Australian politician

Sandra Myrtho Kanck (born 20 April 1950) is a South Australian politician. She was a member of the South Australian Legislative Council from 1993 to 2009, first elected for the Australian Democrats for an eight-year term at the 1993 election and was re-elected for the Democrats for another eight-year term at the 2002 election. Kanck announced her parliamentary resignation in November 2008, taking effect in January 2009. Democrats nominee David Winderlich filled the upper house casual vacancy in a joint sitting of the Parliament of South Australia in February 2009.

==Early life==
Sandra Kanck (née Cederblad) was born in Broken Hill, New South Wales with six younger siblings and she credits the associated financial poverty and her Methodist Church upbringing to many of her views about inequality and injustice. She was a primary school teacher in NSW from 1978 to 1980, teaching at Gillieston and Weston Primary Schools in the Hunter Valley.

==Early politics==
In 1971 she attended her first public meeting to express concern at nuclear weapons testing by the French at Muroroa Atoll. From this point onwards she became involved in the anti-nuclear and then peace and environment movements. From 1991 to 1992 she was employed by the Conservation Council of South Australia as Administrative Assistant and then Administrative Officer. Continuing her anti-nuclear activism, in 2009, she authored, on behalf of the Australian Democrats (SA Division Inc.) a substantial submission in response to the Draft Environmental Impact Statement on the proposed Olympic Dam mine expansion.

==Parliament==

First elected at the 1993 election, Kanck's first speech in parliament was about the need for an environmentally sustainable level of population for Australia, and her first private member's bill was about the choosing and ongoing education of judges.

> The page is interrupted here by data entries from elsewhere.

(* Let $N=\prod_{i=1}^\ell p_i^{r_i}$ be a positive integer, where $p_1,\dots,p_\ell$ are distinct primes and $r_1,\dots,r_\ell\ge 1$. Let $\mu\ge 1$ and let $f\in\mathbb{Z}[X_1,\dots,X_\mu]$ be any $\mu$-linear polynomial that is co-prime to $N$. Then for every integer $m>1$, if $\mathbf{x}=(x_1,\dots,x_\mu)$ is sampled uniformly from $\{0,1,\dots,m-1\}^\mu$, $$\Pr_{\mathbf{x}}\big[f(\mathbf{x})\equiv 0 \pmod N\big]\;\le\;\frac{\mu}{m}+\prod_{i=1}^{\ell} I_{1/p_i}(r_i,\mu).$$
   Context: A polynomial $f\in\mathbb{Z}[X_1,\dots,X_\mu]$ is $\mu$-linear (multilinear) if it has degree at most $1$ in each variable $X_i$. $f$ is co-prime to $N$ if the greatest common divisor of $N$ and all coefficients of $f$ equals $1$. For $\epsilon\in(0,1)$ and integers $k\ge 0$, $\mu\ge 1$, the regularized (incomplete) beta function is $I_\epsilon(k,\mu)=(1-\epsilon)^\mu\sum_{j=k}^{\infty}\binom{\mu+j-1}{j}\epsilon^j$; equivalently, it is the probability that $Z_1+\dots+Z_\mu\ge k$, where $Z_1,\dots,Z_\mu$ are i.i.d. nonnegative-integer random variables with $\Pr[Z_i\ge s]=\epsilon^s$ for all $s\ge 0$. *)

theory Defs
  imports "HOL-Analysis.Analysis" "HOL-Computational_Algebra.Primes"
begin

text \<open>A mu-linear polynomial in Z[X_0,...,X_(mu-1)] is given by its coefficient
  function c on subsets S of {..<mu}: f(x) = sum over S of c S * prod_{i in S} x i.\<close>
definition mlin_eval :: "nat \<Rightarrow> (nat set \<Rightarrow> int) \<Rightarrow> (nat \<Rightarrow> int) \<Rightarrow> int" where
  "mlin_eval \<mu> c x = (\<Sum>S\<in>Pow {..<\<mu>}. c S * (\<Prod>i\<in>S. x i))"
lemma abs_cont_on_dominated:
  fixes f :: "real \<Rightarrow> 'a::real_normed_vector"
    and g :: "real \<Rightarrow> 'b::real_normed_vector" and h :: "real \<Rightarrow> 'c::real_normed_vector"
  assumes g: "abs_cont_on a b g" and h: "abs_cont_on a b h" and K: "K \<ge> 0"
    and bound: "\<And>u v. u \<in> {a..b} \<Longrightarrow> v \<in> {a..b} \<Longrightarrow>
      norm (f v - f u) \<le> K * (norm (g v - g u) + norm (h v - h u))"
  shows "abs_cont_on a b f"
  unfolding abs_cont_on_iff
proof (intro allI impI)
  fix e :: real assume e: "e > 0"
  define e' where "e' = e / (2 * (K + 1))"
  have e': "e' > 0"
    using e K by (simp add: e'_def)
  have "e = 2 * e' * (K + 1)"
    using K by (simp add: e'_def field_simps)
  then have "K * (e' + e') < e"
    using e' by (simp add: algebra_simps)
  obtain \<delta>g where \<delta>g: "\<delta>g > 0" and Hg: "\<forall>(n::nat) u v. nonoverlapping a b {..<n} u v \<and> (\<Sum>i<n. v i - u i) < \<delta>g
      \<longrightarrow> (\<Sum>i<n. norm (g (v i) - g (u i))) < e'"
    using g e' unfolding abs_cont_on_iff by blast
  obtain \<delta>h where \<delta>h: "\<delta>h > 0" and Hh: "\<forall>(n::nat) u v. nonoverlapping a b {..<n} u v \<and> (\<Sum>i<n. v i - u i) < \<delta>h
      \<longrightarrow> (\<Sum>i<n. norm (h (v i) - h (u i))) < e'"
    using h e' unfolding abs_cont_on_iff by blast
  show "\<exists>\<delta>>0. \<forall>(n::nat) u v. nonoverlapping a b {..<n} u v \<and> (\<Sum>i<n. v i - u i) < \<delta>
      \<longrightarrow> (\<Sum>i<n. norm (f (v i) - f (u i))) < e"
  proof (intro exI[of _ "min \<delta>g \<delta>h"] conjI allI impI)
    show "min \<delta>g \<delta>h > 0"
      using \<delta>g \<delta>h by simp
    fix n and u v :: "nat \<Rightarrow> real"
    assume uv: "nonoverlapping a b {..<n} u v \<and> (\<Sum>i<n. v i - u i) < min \<delta>g \<delta>h"
    have "a \<le> u i \<and> u i \<le> v i \<and> v i \<le> b" if "i \<in> {..<n}" for i
      using uv that unfolding nonoverlapping_def by blast
    then have "u i \<in> {a..b} \<and> v i \<in> {a..b}" if "i \<in> {..<n}" for i
      using that by fastforce
    then have "(\<Sum>i<n. norm (f (v i) - f (u i)))
        \<le> (\<Sum>i<n. K * (norm (g (v i) - g (u i)) + norm (h (v i) - h (u i))))"
      by (intro sum_mono bound) auto
    also have "\<dots> = K * ((\<Sum>i<n. norm (g (v i) - g (u i))) + (\<Sum>i<n. norm (h (v i) - h (u i))))"
      by (simp add: sum_distrib_left sum.distrib distrib_left)
    also have "\<dots> \<le> K * (e' + e')"
    proof -
      have "(\<Sum>i<n. norm (g (v i) - g (u i))) < e'" "(\<Sum>i<n. norm (h (v i) - h (u i))) < e'"
        using uv Hg Hh by auto
      then show ?thesis
        using K by (intro mult_left_mono add_mono) auto
    qed
    finally show "(\<Sum>i<n. norm (f (v i) - f (u i))) < e"
      using \<open>K * (e' + e') < e\<close> by linarith
  qed
qed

Kanck twice introduced a bill for a Midwives Act, and during the course of debate on the Nurses Act 1999 fought hard and successfully to retain a register of midwives separate from that of nurses. For her advocacy the SA Branch of the Australian College of Midwives chose her for their inaugural Midwifery Advocate of the Year Award in 1999.

On 14 March 2001 Kanck introduced her Dignity in Dying Bill 2001 to the South Australian Parliament. The bill was drafted in large part by the South Australian Voluntary Euthanasia Society (SAVES), of which she has since been awarded life membership. She introduced the bill twice, and on the second occasion it passed the second reading vote, but failed at the third reading. In August 2006, Kanck ignored government requests not to discuss suicide methods in a parliamentary speech on legalising voluntary euthanasia. Although suppressed from the parliament's internet record by a narrowly resolved Legislative Council vote, the speech was published elsewhere. She is the first parliamentarian in Australia to have been censored in this way.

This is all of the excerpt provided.